The ability to specify both DISTINCT
and ORDER BY
in an aggregate function is a PostgreSQL extension.
Placing ORDER BY
within the aggregate's regular argument list, as described so far, is used when ordering the input rows for general-purpose and statistical aggregates, for which ordering is optional. There is a subclass of aggregate functions called ordered-set aggregates for which an order_by_clause
is required, usually because the aggregate's computation is only sensible in terms of a specific ordering of its input rows. Typical examples of ordered-set aggregates include rank and percentile calculations. For an ordered-set aggregate, the order_by_clause
is written inside WITHIN GROUP (...)
, as shown in the final syntax alternative above. The expressions in the order_by_clause
are evaluated once per input row just like regular aggregate arguments, sorted as per the order_by_clause
's requirements, and fed to the aggregate function as input arguments. (This is unlike the case for a non-WITHIN GROUP
order_by_clause
, which is not treated as argument(s) to the aggregate function.) The argument expressions preceding WITHIN GROUP
, if any, are called direct arguments to distinguish them from the aggregated arguments listed in the order_by_clause
. Unlike regular aggregate arguments, direct arguments are evaluated only once per aggregate call, not once per input row. This means that they can contain variables only if those variables are grouped by GROUP BY
; this restriction is the same as if the direct arguments were not inside an aggregate expression at all. Direct arguments are typically used for things like percentile fractions, which only make sense as a single value per aggregation calculation. The direct argument list can be empty; in this case, write just ()
not (*)
. (PostgreSQL will actually accept either spelling, but only the first way conforms to the SQL standard.)

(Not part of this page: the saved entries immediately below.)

(* $\mathsf{AUC}_{[0,1]}\not\le_W *\text{-}\mathsf{WWKL}$.
   Context: A represented space is a pair $(X,\delta_X)$ with $\delta_X:\subseteq\mathbb{N}^\mathbb{N}\to X$ a partial surjection; $[0,1]$ carries its Cauchy representation. A realizer of $f:\subseteq X\rightrightarrows Y$ is a partial $F$ with $\delta_Y F(p)\in f(\delta_X(p))$ for all $p\in\mathrm{dom}(f\circ\delta_X)$. $f\le_W g$ if there are computable partial $H,K:\subseteq\mathbb{N}^\mathbb{N}\to\mathbb{N}^\mathbb{N}$ such that $p\mapsto H\langle p,GK(p)\rangle$ realizes $f$ for every realizer $G$ of $g$. $\mathcal{A}_-([0,1])$ denotes the closed subsets of $[0,1]$ represented by negative information (a name of $A$ enumerates rational open intervals whose union is $[0,1]\setminus A$). $\mathsf C_{[0,1]}:\subseteq\mathcal A_-([0,1])\rightrightarrows[0,1]$, $A\mapsto A$, is defined on nonempty $A$. All-or-unique choice $\mathsf{AUC}_{[0,1]}$ is $\mathsf C_{[0,1]}$ restricted to the sets $[0,1]$ and $\{x\}$, $x\in[0,1]$. $\mathrm{Tr}$ is the set of binary trees $T\subseteq\{0,1\}^*$, represented by characteristic functions; $[T]$ its set of infinite paths; $\mu$ the uniform measure on $2^\mathbb N$ ($\mu(w2^\mathbb N)=2^{-|w|}$). $*\text{-}\mathsf{WWKL}:\subseteq\mathbb N\times\mathrm{Tr}\rightrightarrows2^\mathbb N$, $(n,T)\mapsto[T]$, has domain $\{(n,T):\mu([T])>2^{-n}\}$. *)

theory Defs
  imports "HOL-Probability.Probability" "HOL-Library.Nat_Bijection"
begin
(* Let $T$ be a continuous Archimedean $t$-norm and $A$ a fuzzy interval in $\mathbb R$. For $n\ge1$ let $A_n=Ave_*(A,\dots,A)$ ($n$ arguments), i.e. $A_n(z)=\sup\{T(A(x_1),\dots,A(x_n)) : \frac1n\sum_{j=1}^n x_j=z\}$. Then $(A_n)_{n\ge1}$ converges levelwise to the crisp fuzzy set $\mathbf 1_{\mathbb M A}$, i.e. for every $\alpha\in(0,1]$, $A_n^\alpha\to\mathbb M A$ in the Hausdorff metric.
   Context: A $t$-norm is a commutative, associative map $T:[0,1]^2\to[0,1]$, non-decreasing in each variable, with neutral element $1$, extended to finitely many arguments by associativity. A continuous $t$-norm is Archimedean if for all $x,y\in(0,1)$ there is $n$ with $T(x,\dots,x)$ ($n$ arguments) $<y$. A fuzzy interval in $\mathbb R$ is a map $A:\mathbb R\to[0,1]$ attaining $1$ whose $\alpha$-cuts $A^\alpha=\{A\ge\alpha\}$, $\alpha\in(0,1]$, are nonempty compact intervals; $\mathbb M A=A^1$. Levelwise convergence means convergence of every $\alpha$-cut, $\alpha\in(0,1]$, in the Hausdorff metric on nonempty compact subsets of $\mathbb R$. *)

theory Defs
  imports "HOL-Analysis.Analysis"
begin

text \<open>t-norms on [0,1], represented as real functions of two variables;
  only their values on [0,1]^2 matter.\<close>
definition tnorm :: "(real \<Rightarrow> real \<Rightarrow> real) \<Rightarrow> bool" where
  "tnorm T \<longleftrightarrow>
     (\<forall>x\<in>{0..1}. \<forall>y\<in>{0..1}. T x y \<in> {0..1}) \<and>
     (\<forall>x\<in>{0..1}. \<forall>y\<in>{0..1}. T x y = T y x) \<and>
     (\<forall>x\<in>{0..1}. \<forall>y\<in>{0..1}. \<forall>z\<in>{0..1}. T (T x y) z = T x (T y z)) \<and>
     (\<forall>x\<in>{0..1}. \<forall>x'\<in>{0..1}. \<forall>y\<in>{0..1}. x \<le> x' \<longrightarrow> T x y \<le> T x' y) \<and>
     (\<forall>x\<in>{0..1}. T x 1 = x)"

fun tnorm_n :: "(real \<Rightarrow> real \<Rightarrow> real) \<Rightarrow> nat \<Rightarrow> (nat \<Rightarrow> real) \<Rightarrow> real" where
  "tnorm_n T 0 a = 1"
| "tnorm_n T (Suc n) a = T (tnorm_n T n a) (a n)"

definition continuous_tnorm :: "(real \<Rightarrow> real \<Rightarrow> real) \<Rightarrow> bool" where
  "continuous_tnorm T \<longleftrightarrow> tnorm T \<and>
     continuous_on ({0..1} \<times> {0..1}) (\<lambda>(x, y). T x y)"

definition archimedean_tnorm :: "(real \<Rightarrow> real \<Rightarrow> real) \<Rightarrow> bool" where
  "archimedean_tnorm T \<longleftrightarrow> continuous_tnorm T \<and>
     (\<forall>x\<in>{0<..<1}. \<forall>y\<in>{0<..<1}. \<exists>n. tnorm_n T n (\<lambda>_. x) < y)"

definition alpha_cut :: "(real \<Rightarrow> real) \<Rightarrow> real \<Rightarrow> real set" where
  "alpha_cut A \<alpha> = {x. A x \<ge> \<alpha>}"

definition fuzzy_interval :: "(real \<Rightarrow> real) \<Rightarrow> bool" where
  "fuzzy_interval A \<longleftrightarrow>
     (\<forall>x. A x \<in> {0..1}) \<and> (\<exists>x. A x = 1) \<and>
     (\<forall>\<alpha>\<in>{0<..1}. alpha_cut A \<alpha> \<noteq> {} \<and> compact (alpha_cut A \<alpha>)
                      \<and> is_interval (alpha_cut A \<alpha>))"

definition core :: "(real \<Rightarrow> real) \<Rightarrow> real set" where
  "core A = alpha_cut A 1"

definition ave_n :: "(real \<Rightarrow> real \<Rightarrow> real) \<Rightarrow> (real \<Rightarrow> real) \<Rightarrow> nat \<Rightarrow> real \<Rightarrow> real" where
  "ave_n T A n z = Sup {tnorm_n T n (\<lambda>j. A (x j)) | x :: nat \<Rightarrow> real.
                          (\<Sum>j<n. x j) / real n = z}"

definition hausdorff_dist :: "real set \<Rightarrow> real set \<Rightarrow> real" where
  "hausdorff_dist S U = max (SUP x\<in>S. infdist x U) (SUP y\<in>U. infdist y S)"

end

theory Submission
  imports Defs
begin

(* Compactness of the cuts: at a level alpha > 0 only arguments with A(x_j) >= alpha/2
   matter in the supremum defining A_n(z).  The pairs (x_0 + ... + x_(n-1),
   T(y_0,...,y_(n-1))) with alpha/2 <= y_j <= A(x_j) form a compact set (tnorm_sums),
   obtained from the compact truncated hypograph of A by n continuous images.  So the
   supremum is attained, and the alpha-cut of A_n is a continuous image of a compact set.

   Convergence: the core [a,b] lies in every cut of A_n.  If the average of the x_j
   exceeds b + e while T(A(x_0),...,A(x_(n-1))) >= alpha, all x_j are bounded by the
   alpha-cut of A, so a fixed proportion of them lies beyond b + e/2, where A <= g < 1
   (counting argument).  As T is Archimedean, m arguments equal to g push T below alpha,
   a contradiction for large n.  Reflecting A bounds the cuts from the left, so the cuts
   eventually lie within e of the core, which bounds the Hausdorff distance. *)

lemma tnorm_bounds:
  assumes "tnorm T" "x \<in> {0..1}" "y \<in> {0..1}"
  shows "0 \<le> T x y" "T x y \<le> 1" "T x y \<le> x" "T x y \<le> y"
proof -
  have range: "\<And>x y. x \<in> {0..1} \<Longrightarrow> y \<in> {0..1} \<Longrightarrow> T x y \<in> {0..1}"
   and comm: "\<And>x y. x \<in> {0..1} \<Longrightarrow> y \<in> {0..1} \<Longrightarrow> T x y = T y x"
   and mono: "\<And>x x' y. x \<in> {0..1} \<Longrightarrow> x' \<in> {0..1} \<Longrightarrow> y \<in> {0..1} \<Longrightarrow> x \<le> x' \<Longrightarrow> T x y \<le> T x' y"
   and unit: "\<And>x. x \<in> {0..1} \<Longrightarrow> T x 1 = x"
    using assms(1) unfolding tnorm_def by auto
  show "0 \<le> T x y" "T x y \<le> 1" using range assms by auto
  have "T x y \<le> T 1 y" using mono[of x 1 y] assms by auto
  also have "\<dots> = y" using comm[of 1 y] unit[of y] assms by auto
  finally show "T x y \<le> y" .
  have "T x y = T y x" using comm assms by auto
  also have "\<dots> \<le> T 1 x" using mono[of y 1 x] assms by auto
  also have "\<dots> = x" using comm[of 1 x] unit[of x] assms by auto
  finally show "T x y \<le> x" .
qed

lemma tnorm_mono:
  assumes "tnorm T" "x \<in> {0..1}" "y \<in> {0..1}" "x' \<in> {0..1}" "y' \<in> {0..1}" "x \<le> x'" "y \<le> y'"
  shows "T x y \<le> T x' y'"
proof -
  have comm: "\<And>x y. x \<in> {0..1} \<Longrightarrow> y \<in> {0..1} \<Longrightarrow> T x y = T y x"
   and mono: "\<And>x x' y. x \<in> {0..1} \<Longrightarrow> x' \<in> {0..1} \<Longrightarrow> y \<in> {0..1} \<Longrightarrow> x \<le> x' \<Longrightarrow> T x y \<le> T x' y"
    using assms(1) unfolding tnorm_def by auto
  have "T x y \<le> T x' y" using mono assms by auto
  also have "\<dots> = T y x'" using comm assms by auto
  also have "\<dots> \<le> T y' x'" using mono assms by auto
  also have "\<dots> = T x' y'" using comm assms by auto
  finally show ?thesis .
qed
(* If $\mathrm{char}(\Bbbk)=0$ or $\mathrm{char}(\Bbbk)=p\ge5$, then $P$ is minimally generated by $f_1=3y^3-4xyz+x^4-3y^3z^5-2xy^6z^2-x^2y^4z^3$, $f_2=2y^2z-3xz^2+x^3y-2y^7z^2-xy^5z^3$, $f_3=yz^2-3x^2y^2+2x^3z-y^6z^3-2xy^4z^4$, $f_4=z^3-2xy^3+x^2yz-y^5z^4$; in particular $\mu(P)=4$.
   Context: $\Bbbk$ is a field. $\rho:\Bbbk[[x,y,z]]\to\Bbbk[[t]]$ is the $\Bbbk$-algebra morphism with $\rho(x)=t^6+t^{31}$, $\rho(y)=t^8$, $\rho(z)=t^{10}$, and $P=\ker\rho$ (the first prime of Moh, $n=3$, $\lambda=25$). $\mu(P)$ is the minimal number of generators of $P$. *)

theory Defs
  imports "HOL-Computational_Algebra.Formal_Power_Series"
begin

text \<open>The power series ring k[[x,y,z]] is modelled as k[[x]][[y]][[z]], i.e. the type
 ('a fps) fps fps, canonically isomorphic to k[[x,y,z]].\<close>

type_synonym 'a ps3 = "'a fps fps fps"

definition psX :: "'a::comm_ring_1 ps3" where "psX = fps_const (fps_const fps_X)"
definition psY :: "'a::comm_ring_1 ps3" where "psY = fps_const fps_X"
definition psZ :: "'a::comm_ring_1 ps3" where "psZ = fps_X"

definition ps3_coeff :: "'a ps3 \<Rightarrow> nat \<Rightarrow> nat \<Rightarrow> nat \<Rightarrow> 'a" where
  "ps3_coeff F i j l = fps_nth (fps_nth (fps_nth F l) j) i"

text \<open>The continuous k-algebra morphism rho: k[[x,y,z]] -> k[[t]] with
 x |-> t^6 + t^31, y |-> t^8, z |-> t^10.  Since the images have positive order,
 only monomials with i,j,l <= n contribute to the coefficient of t^n.\<close>

definition rho :: "'a::comm_ring_1 ps3 \<Rightarrow> 'a fps" where
  "rho F = Abs_fps (\<lambda>n. \<Sum>i\<le>n. \<Sum>j\<le>n. \<Sum>l\<le>n.
      ps3_coeff F i j l * fps_nth ((fps_X ^ 6 + fps_X ^ 31) ^ i * fps_X ^ (8 * j) * fps_X ^ (10 * l)) n)"
(* Let ${\bf X}$ be a finite-dimensional real Hilbert space, ${\cal M}$ a ${\cal C}^2$-smooth manifold of codimension $m$ around ${\bar x}$ with ${\cal M}\cap{\cal O}=\{x\in{\cal O}\mid\Phi(x)=0\}$ ($\Phi:{\cal O}\to\mathbb{R}^m$ ${\cal C}^2$, $\nabla\Phi({\bar x})$ surjective), and $f:{\bf X}\to\overline{\mathbb{R}}$ ${\cal C}^2$-partly smooth at ${\bar x}$ relative to ${\cal M}$ with ${\cal C}^2$-smooth representative $\widehat f$ around ${\bar x}$; let ${\bar v}\in{\rm ri}\,\partial f({\bar x})$. Assume $f$ is prox-regular and subdifferentially continuous at ${\bar x}$ for ${\bar v}$, and $f$ is prox-bounded. Let $L(u,y):=\widehat f(u)+\langle y,\Phi(u)\rangle$. Then for every $r>0$ sufficiently small, the proximal mapping ${\rm prox}_{rf}$ is ${\cal M}$-valued and ${\cal C}^1$-smooth around ${\bar x}+r{\bar v}$, with $$\nabla({\rm prox}_{rf})(z)=\big(P_{T_{\cal M}(x)}\circ(I_{\bf X}+r\nabla^2_{xx}L(x,\mu))|_{T_{\cal M}(x)}\big)^{-1}\circ P_{T_{\cal M}(x)},$$ where $x={\rm prox}_{rf}(z)$ and $\mu\in\mathbb{R}^m$ is the unique vector with $\nabla_xL(x,\mu)=(z-x)/r$.
   Context: ${\rm prox}_{rf}(x)=\arg\min_{w}\{f(w)+\frac1{2r}\|w-x\|^2\}$. $f$ is prox-bounded if $f+\alpha\|\cdot\|^2$ is bounded below for some $\alpha\in\mathbb{R}$. $I_{\bf X}$ identity; $P_T$ orthogonal projection; $A|_T$ restriction; $T_{\cal M}(x)=\ker\nabla\Phi(x)$, $N_{\cal M}(x)={\rm rge}\,\nabla\Phi(x)^*$. $\partial f$ limiting subdifferential; ${\rm ri}$, ${\rm aff}$ relative interior, affine hull; ${\rm par}\,C$ subspace parallel to ${\rm aff}\,C$. ${\cal C}^2$-partial smoothness at ${\bar x}$ relative to ${\cal M}$: (a) there is $\widehat f:{\bf X}\to\mathbb{R}$, ${\cal C}^2$ around ${\bar x}$, equal to $f$ on ${\cal M}$ near ${\bar x}$; (b) at each $x\in{\cal M}$ near ${\bar x}$, $f$ is subdifferentially regular with $\partial f(x)\ne\emptyset$; (c) $N_{\cal M}({\bar x})={\rm par}\,\partial f({\bar x})$; (d) $\lim_{x\to{\bar x},x\in{\cal M}}\partial f(x)$ exists (Painlevé–Kuratowski) and equals $\partial f({\bar x})$. Prox-regularity at ${\bar x}$ for ${\bar v}$: $f({\bar x})$ finite, $f$ locally lsc near ${\bar x}$, ${\bar v}\in\partial f({\bar x})$, and there exist $\epsilon>0,\rho\ge0$ with $f(u)\ge f(x')+\langle v',u-x'\rangle-\frac\rho2\|u-x'\|^2$ for all $u\in\mathbb{B}_\epsilon({\bar x})$ whenever $(x',v')\in\mathbb{B}_\epsilon({\bar x},{\bar v})\cap{\rm gph}\,\partial f$, $f(x')\le f({\bar x})+\epsilon$. Subdifferential continuity: $(x^k,v^k)\to({\bar x},{\bar v})$, $v^k\in\partial f(x^k)$ imply $f(x^k)\to f({\bar x})$. *)

theory Defs
  imports "HOL-Analysis.Analysis"
begin

definition C1_on :: "'a::euclidean_space set \<Rightarrow> ('a \<Rightarrow> 'b::euclidean_space) \<Rightarrow> bool" where
  "C1_on U g \<longleftrightarrow> open U \<and> (\<exists>D :: 'a \<Rightarrow> ('a \<Rightarrow>\<^sub>L 'b).
      (\<forall>x\<in>U. (g has_derivative blinfun_apply (D x)) (at x)) \<and> continuous_on U D)"

definition C2_on :: "'a::euclidean_space set \<Rightarrow> ('a \<Rightarrow> 'b::euclidean_space) \<Rightarrow> bool" where
  "C2_on U g \<longleftrightarrow> open U \<and> (\<exists>(D :: 'a \<Rightarrow> ('a \<Rightarrow>\<^sub>L 'b)) (D2 :: 'a \<Rightarrow> ('a \<Rightarrow>\<^sub>L ('a \<Rightarrow>\<^sub>L 'b))).
      (\<forall>x\<in>U. (g has_derivative blinfun_apply (D x)) (at x)) \<and>
      (\<forall>x\<in>U. (D has_derivative blinfun_apply (D2 x)) (at x)) \<and> continuous_on U D2)"

definition grad :: "('a::euclidean_space \<Rightarrow> real) \<Rightarrow> 'a \<Rightarrow> 'a" where
  "grad g x = (\<Sum>b\<in>Basis. frechet_derivative g (at x) b *\<^sub>R b)"

definition hess :: "('a::euclidean_space \<Rightarrow> real) \<Rightarrow> 'a \<Rightarrow> 'a \<Rightarrow> 'a" where
  "hess g x = frechet_derivative (grad g) (at x)"

definition lagr :: "('a \<Rightarrow> real) \<Rightarrow> ('a \<Rightarrow> 'b::real_inner) \<Rightarrow> 'a \<Rightarrow> 'b \<Rightarrow> real" where
  "lagr fhat \<Phi> u y = fhat u + y \<bullet> \<Phi> u"

definition tangent_sp :: "('a::euclidean_space \<Rightarrow> 'b::euclidean_space) \<Rightarrow> 'a \<Rightarrow> 'a set" where
  "tangent_sp \<Phi> x = {h. frechet_derivative \<Phi> (at x) h = 0}"

definition normal_sp :: "('a::euclidean_space \<Rightarrow> 'b::euclidean_space) \<Rightarrow> 'a \<Rightarrow> 'a set" where
  "normal_sp \<Phi> x = range (adjoint (frechet_derivative \<Phi> (at x)))"

definition orth_proj :: "'a::euclidean_space set \<Rightarrow> 'a \<Rightarrow> 'a" where
  "orth_proj T x = closest_point T x"

definition par :: "'a::euclidean_space set \<Rightarrow> 'a set" where
  "par C = {a - b | a b. a \<in> affine hull C \<and> b \<in> affine hull C}"

definition finite_at :: "('a \<Rightarrow> ereal) \<Rightarrow> 'a \<Rightarrow> bool" where
  "finite_at f x \<longleftrightarrow> f x \<noteq> \<infinity> \<and> f x \<noteq> -\<infinity>"

text \<open>Regular (Frechet) subdifferential, literal unfolding of
  liminf_{u -> x, u ~= x} (f u - f x - <v,u-x>)/|u-x| >= 0.\<close>

definition reg_subdiff :: "('a::euclidean_space \<Rightarrow> ereal) \<Rightarrow> 'a \<Rightarrow> 'a set" where
  "reg_subdiff f x = {v. finite_at f x \<and> (\<forall>\<epsilon>>0. \<exists>\<delta>>0. \<forall>u. norm (u - x) < \<delta> \<longrightarrow>
      f u \<ge> f x + ereal (v \<bullet> (u - x) - \<epsilon> * norm (u - x)))}"

definition lim_subdiff :: "('a::euclidean_space \<Rightarrow> ereal) \<Rightarrow> 'a \<Rightarrow> 'a set" where
  "lim_subdiff f x = {v. finite_at f x \<and> (\<exists>xs vs. xs \<longlonglongrightarrow> x \<and> (\<lambda>k. f (xs k)) \<longlonglongrightarrow> f x \<and>
      vs \<longlonglongrightarrow> v \<and> (\<forall>k. vs k \<in> reg_subdiff f (xs k)))}"

definition reg_normal_cone :: "'c::euclidean_space set \<Rightarrow> 'c \<Rightarrow> 'c set" where
  "reg_normal_cone C x = {v. x \<in> C \<and> (\<forall>\<epsilon>>0. \<exists>\<delta>>0. \<forall>y\<in>C. norm (y - x) < \<delta> \<longrightarrow>
      v \<bullet> (y - x) \<le> \<epsilon> * norm (y - x))}"

definition lim_normal_cone :: "'c::euclidean_space set \<Rightarrow> 'c \<Rightarrow> 'c set" where
  "lim_normal_cone C x = {v. x \<in> C \<and> (\<exists>xs vs. (\<forall>k. xs k \<in> C \<and> vs k \<in> reg_normal_cone C (xs k))
      \<and> xs \<longlonglongrightarrow> x \<and> vs \<longlonglongrightarrow> v)}"

definition locally_closed :: "'c::euclidean_space set \<Rightarrow> 'c \<Rightarrow> bool" where
  "locally_closed C x \<longleftrightarrow> (\<exists>e>0. closed (C \<inter> cball x e))"

definition clarke_regular :: "'c::euclidean_space set \<Rightarrow> 'c \<Rightarrow> bool" where
  "clarke_regular C x \<longleftrightarrow> x \<in> C \<and> locally_closed C x \<and> lim_normal_cone C x = reg_normal_cone C x"

definition epi :: "('a \<Rightarrow> ereal) \<Rightarrow> ('a \<times> real) set" where
  "epi f = {(x, \<alpha>). f x \<le> ereal \<alpha>}"

definition subdiff_regular :: "('a::euclidean_space \<Rightarrow> ereal) \<Rightarrow> 'a \<Rightarrow> bool" where
  "subdiff_regular f x \<longleftrightarrow> finite_at f x \<and> clarke_regular (epi f) (x, real_of_ereal (f x))"

definition outer_lim_within :: "'a::metric_space set \<Rightarrow> ('a \<Rightarrow> 'b::metric_space set) \<Rightarrow> 'a \<Rightarrow> 'b set" where
  "outer_lim_within M S xb = {v. \<exists>xs vs. (\<forall>k. xs k \<in> M \<and> vs k \<in> S (xs k)) \<and>
      xs \<longlonglongrightarrow> xb \<and> vs \<longlonglongrightarrow> v}"

definition inner_lim_within :: "'a::metric_space set \<Rightarrow> ('a \<Rightarrow> 'b::metric_space set) \<Rightarrow> 'a \<Rightarrow> 'b set" where
  "inner_lim_within M S xb = {v. \<forall>xs. (\<forall>k. xs k \<in> M) \<and> xs \<longlonglongrightarrow> xb \<longrightarrow>
      (\<exists>vs k0. (\<forall>k\<ge>k0. vs k \<in> S (xs k)) \<and> vs \<longlonglongrightarrow> v)}"

definition partly_smooth :: "('a::euclidean_space \<Rightarrow> ereal) \<Rightarrow> ('a \<Rightarrow> real) \<Rightarrow>
    ('a \<Rightarrow> 'b::euclidean_space) \<Rightarrow> 'a set \<Rightarrow> 'a \<Rightarrow> bool" where
  "partly_smooth f fhat \<Phi> M xb \<longleftrightarrow>
     xb \<in> M \<and>
     (\<exists>U. xb \<in> U \<and> C2_on U fhat \<and> (\<forall>x\<in>M \<inter> U. f x = ereal (fhat x))) \<and>
     (\<exists>\<epsilon>>0. \<forall>x\<in>M. dist x xb < \<epsilon> \<longrightarrow> subdiff_regular f x \<and> lim_subdiff f x \<noteq> {}) \<and>
     normal_sp \<Phi> xb = par (lim_subdiff f xb) \<and>
     outer_lim_within M (lim_subdiff f) xb = lim_subdiff f xb \<and>
     inner_lim_within M (lim_subdiff f) xb = lim_subdiff f xb"

definition locally_lsc :: "('a::euclidean_space \<Rightarrow> ereal) \<Rightarrow> 'a \<Rightarrow> bool" where
  "locally_lsc f xb \<longleftrightarrow> (\<exists>\<epsilon>>0. \<forall>\<alpha>. ereal \<alpha> \<le> f xb + ereal \<epsilon> \<longrightarrow>
      closed {x \<in> cball xb \<epsilon>. f x \<le> ereal \<alpha>})"

definition prox_regular :: "('a::euclidean_space \<Rightarrow> ereal) \<Rightarrow> 'a \<Rightarrow> 'a \<Rightarrow> bool" where
  "prox_regular f xb vb \<longleftrightarrow> finite_at f xb \<and> locally_lsc f xb \<and> vb \<in> lim_subdiff f xb \<and>
     (\<exists>\<epsilon>>0. \<exists>\<rho>\<ge>0. \<forall>x' v'. dist (x', v') (xb, vb) \<le> \<epsilon> \<and> v' \<in> lim_subdiff f x' \<and>
        f x' \<le> f xb + ereal \<epsilon> \<longrightarrow>
        (\<forall>u. dist u xb \<le> \<epsilon> \<longrightarrow>
           f u \<ge> f x' + ereal (v' \<bullet> (u - x') - \<rho> / 2 * (norm (u - x'))\<^sup>2)))"

definition subdiff_continuous :: "('a::euclidean_space \<Rightarrow> ereal) \<Rightarrow> 'a \<Rightarrow> 'a \<Rightarrow> bool" where
  "subdiff_continuous f xb vb \<longleftrightarrow> vb \<in> lim_subdiff f xb \<and>
     (\<forall>xs vs. xs \<longlonglongrightarrow> xb \<and> vs \<longlonglongrightarrow> vb \<and> (\<forall>k. vs k \<in> lim_subdiff f (xs k)) \<longrightarrow>
        (\<lambda>k. f (xs k)) \<longlonglongrightarrow> f xb)"

definition prox_bounded :: "('a::euclidean_space \<Rightarrow> ereal) \<Rightarrow> bool" where
  "prox_bounded f \<longleftrightarrow> (\<exists>\<alpha>::real. \<exists>c::real. \<forall>x. f x + ereal (\<alpha> * (norm x)\<^sup>2) \<ge> ereal c)"

definition prox :: "real \<Rightarrow> ('a::euclidean_space \<Rightarrow> ereal) \<Rightarrow> 'a \<Rightarrow> 'a set" where
  "prox r f x = {w. \<forall>u. f w + ereal ((norm (w - x))\<^sup>2 / (2 * r)) \<le> f u + ereal ((norm (u - x))\<^sup>2 / (2 * r))}"

end

theory Submission
  imports Defs
begin

(*
  Near (xb, vb), a point x of M and a vector v such that
  v - grad fhat x is normal to M at x always satisfy the prox-regularity inequality of f:
  otherwise unit normals separating v from the proximal subgradients at x would converge to a
  nonzero y in the range of the adjoint of the derivative of Phi at xb, that is, parallel to the
  limiting subdifferential at xb.  As vb lies in its relative interior, some subgradient a at xb
  has <y, a - vb> < 0, and by inner semicontinuity of the subdifferential along M and
  prox-regularity, a is approximated by proximal subgradients along the sequence, which
  contradicts the separation.  For small r the prox-regularity inequality near xb and
  prox-boundedness far from xb then make x the unique proximal point of x + r v.
  Since v - grad fhat x is normal to M exactly when v = grad_x L(x, mu) for a multiplier mu,
  computing prox_rf z amounts to solving z = x + r grad_x L(x, mu), Phi x = 0.  For small r this
  system has an invertible derivative at (xb, mu_b), so prox_rf is C^1 by the inverse function
  theorem, and projecting the differentiated system onto the tangent space of M gives the formula.
*)

section \<open>Orthogonal projections, adjoints and inverses\<close>

lemma orth_proj_unique:
  fixes T :: "'a::euclidean_space set"
  assumes T: "subspace T" and y: "y \<in> T" and perp: "\<And>t. t \<in> T \<Longrightarrow> (a - y) \<bullet> t = 0"
  shows "orth_proj T a = y"
proof -
  have "dist a y \<le> dist a z" if z: "z \<in> T" for z
  proof -
    have "(a - y) \<bullet> (y - z) = 0" using perp T y z subspace_diff by blast
    then have "(dist a z)\<^sup>2 = (dist a y)\<^sup>2 + (norm (y - z))\<^sup>2"
      by (simp add: dist_norm power2_norm_eq_inner algebra_simps inner_commute)
    then show ?thesis by (simp add: power2_le_imp_le)
  qed
  then show ?thesis
    unfolding orth_proj_def
    using closest_point_unique[OF subspace_imp_convex[OF T] closed_subspace[OF T] y] by simp
qed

An example of an ordered-set aggregate call is:
SELECT percentile_cont(0.5) WITHIN GROUP (ORDER BY income) FROM households; percentile_cont ----------------- 50489
which obtains the 50th percentile, or median, value of the income
column from table households
. Here, 0.5
is a direct argument; it would make no sense for the percentile fraction to be a value varying across rows.
If FILTER
is specified, then only the input rows for which the filter_clause
evaluates to true are fed to the aggregate function; other rows are discarded. For example:
SELECT count(*) AS unfiltered, count(*) FILTER (WHERE i < 5) AS filtered FROM generate_series(1,10) AS s(i); unfiltered | filtered ------------+---------- 10 | 4 (1 row)
The predefined aggregate functions are described in Section 9.20. Other aggregate functions can be added by the user.
An aggregate expression can only appear in the result list or HAVING
clause of a SELECT
command. It is forbidden in other clauses, such as WHERE
, because those clauses are logically evaluated before the results of aggregates are formed.
When an aggregate expression appears in a subquery (see Section 4.2.11 and Section 9.22), the aggregate is normally evaluated over the rows of the subquery. But an exception occurs if the aggregate's arguments (and filter_clause
if any) contain only outer-level variables: the aggregate then belongs to the nearest such outer level, and is evaluated over the rows of that query. The aggregate expression as a whole is then an outer reference for the subquery it appears in, and acts as a constant over any one evaluation of that subquery. The restriction about appearing only in the result list or HAVING
clause applies with respect to the query level that the aggregate belongs to.